So, having correctly taken note of this important distinction, the congressmen presumably go on to recommend that the two cross-community lists join each other in a strong alliance? Alas, this is where the logic stops. The letter from Delahunt goes on to talk about a “national unity” government and while in theory this could have meant just Allawi and Maliki, the accompanying press release makes it perfectly clear that the US politicians want Maliki to include all the “winning coalitions”. In other words, they want to add the “retrograde” sectarian lists (their implicit judgment) to the “progressive” cross-sectarian ones (ditto) in government! What a remarkable way of reasoning this is:  “Even though you brave Iraqis clearly prefer a non-sectarian government, we, fat-cat congressmen in Washington feel a little uneasy about that prospect. You see, certain highbrow think tank types over here who just recently did a terrific crash course on Iraq keep telling us that in order to avoid a complete unravelling of the situation we must also include the straw men of Masud Barzani and Ammar al-Hakim in the government.
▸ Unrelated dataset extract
(* Fix $\delta\in(0,1)$. Let $t\ge1$ and integers $l_1,\dots,l_t$, and consider unit vectors $\mathbf a_{i,j}\in\mathbb R^m$, $i\in\{1,\dots,t\}$, $j\in\{1,\dots,l_i\}$, in general position, such that $\sum_{j}\mathbf a_{i,j}=0$ for each $i$, and $\mathbf a_{i,j}\perp\mathbf a_{i',j'}$ whenever $i\ne i'$. Let unit vectors $\mathbf v_1,\dots,\mathbf v_t\in\mathbb R^m$ be orthogonal to each other and to all $\mathbf a_{i,j}$. Then there are positive scalars $\alpha_i,\beta_i$, $i\in\{1,\dots,t\}$, such that the matrix $\mathbf A$ whose columns are the vectors $\alpha_i\mathbf a_{i,j}+\beta_i\mathbf v_i$ over all $i,j$ satisfies, for each $i\in\{1,\dots,t\}$, \[ \min_{|S|=k_i}\frac{\mathrm{Er}_{\mathbf A}(S)}{\mathrm{OPT}_{k_i}}\ge(1-\delta)\,l_i,\qquad\text{where }k_i=l_1+\dots+l_i-1. \]
   Context: For a matrix $\mathbf A$ with $n$ columns $\mathbf a_1,\dots,\mathbf a_n$ and $S\subseteq\{1,\dots,n\}$, $\mathbf P_S$ is the orthogonal projection onto $\mathrm{span}\{\mathbf a_i:i\in S\}$, $\mathrm{Er}_{\mathbf A}(S)=\|\mathbf A-\mathbf P_S\mathbf A\|_F^2$, and $\mathrm{OPT}_k=\min_{\mathrm{rank}(\mathbf B)=k}\|\mathbf A-\mathbf B\|_F^2$. The minimum is over column index subsets $S$ of size $k_i$. *)

theory Defs
  imports "HOL-Analysis.Analysis"
begin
Oh, yes, we know those two are the authors of many of the problems in Iraq over the past five years including the silly idea of a Shiite sectarian region and the purge of most competent bureaucrats from the machinery of the state in the name of de-Baathification but you see these men are very important, and if they feel ever so slightly unhappy things could go seriously wrong. So it does not really matter what the electorate said about cross-community dreams; unfortunately you will just have to put up with another dysfunctional, incompetent and weak government in Iraq for the next five years. We really do hope you may understand our concerns.”
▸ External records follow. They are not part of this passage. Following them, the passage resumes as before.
(*
  The witness is x\<^sub>1\<^sup>2\<cdots>x\<^sub>k\<^sup>2 S(x\<^sub>2,x\<^sub>3,x\<^sub>4) with S the Choi-Lam form, nonnegative by AM-GM.
  Suppose q\<^sup>2 p = \<Sum> h\<^sub>j\<^sup>2 with q(e\<^sub>1) \<noteq> 0. Then q contains a pure power of x\<^sub>1, and a linear
  weight on exponents makes the largest one, c x\<^sub>1\<^sup>A, the unique top term of q while all terms of
  p get the same even weight. Top-weight parts are multiplicative, and since the squares of
  top monomials cannot cancel, the h\<^sub>j have at most half the top weight of \<Sum> h\<^sub>j\<^sup>2; taking
  top-weight parts gives c\<^sup>2 x\<^sub>1\<^sup>2\<^sup>A p = \<Sum> g\<^sub>j\<^sup>2. There the monomials of the g\<^sub>j lie in half the
  Newton polytope, and the centre x\<^sub>2\<^sup>2x\<^sub>3\<^sup>2x\<^sub>4\<^sup>2 of the Choi-Lam triangle is the midpoint of no
  two distinct lattice points of it. So the coefficient of the corresponding monomial in
  \<Sum> g\<^sub>j\<^sup>2 is a sum of squares, yet it equals -3c\<^sup>2. Taking q = 1 shows that p is not a sum
  of squares either.
*)

section \<open>Coefficients and top-weight parts\<close>

lemma lookup_mult_eq_sum:
  fixes f g :: mpoly
  assumes "finite A" "Poly_Mapping.keys f \<subseteq> A" "finite B" "Poly_Mapping.keys g \<subseteq> B"
  shows "Poly_Mapping.lookup (f * g) \<mu> =
    (\<Sum>a\<in>A. \<Sum>b\<in>B. (Poly_Mapping.lookup f a * Poly_Mapping.lookup g b when \<mu> = a + b))"
proof -
  have inner: "Sum_any (\<lambda>b. Poly_Mapping.lookup g b when \<mu> = a + b) =
      (\<Sum>b\<in>B. Poly_Mapping.lookup g b when \<mu> = a + b)" for a
    by (rule Sum_any.expand_superset) (use assms in \<open>auto simp: in_keys_iff\<close>)
  have "Poly_Mapping.lookup (f * g) \<mu> =
      Sum_any (\<lambda>a. Poly_Mapping.lookup f a * (\<Sum>b\<in>B. Poly_Mapping.lookup g b when \<mu> = a + b))"
    unfolding lookup_mult inner ..
  also have "\<dots> = (\<Sum>a\<in>A. Poly_Mapping.lookup f a * (\<Sum>b\<in>B. Poly_Mapping.lookup g b when \<mu> = a + b))"
    by (rule Sum_any.expand_superset) (use assms in \<open>auto simp: in_keys_iff\<close>)
  finally show ?thesis
    by (simp add: sum_distrib_left mult_when)
qed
And unfortunately, this is precisely the message Biden has been pushing publicly in Iraq during the weekend. After having held his cards tight to his chest on his first day, some worrisome signs were beginning to emerge after the visit to Ammar al-Hakim early Monday. According to an ISCI statement, Biden had “conveyed the respect of President Barack Obama to Ammar al-Hakim and his praise for ISCI’s role in bringing about rapprochement between the Iraqi parties [!] in order to form a government of real partnership of all Iraqi factions…” Of course, this was an ISCI press release and it could have been suspected of perhaps bending the message a little to fit the party’s own agenda. But shortly afterwards, Biden himself spoke to the media, and there it was: “In my humble opinion, in order for you to achieve your goals you must have all communities’ voices represented in this new government, proportionately… Iraqiyya, State of Law, Iraqi National Alliance, the Kurdistan Alliance, all are going to have to play a meaningful role in this new government for it to work”. In fact, the basic idea of including “all the winning lists” was also conveyed during the meeting with Maliki on Sunday according to his spokesman Ali al-Dabbagh.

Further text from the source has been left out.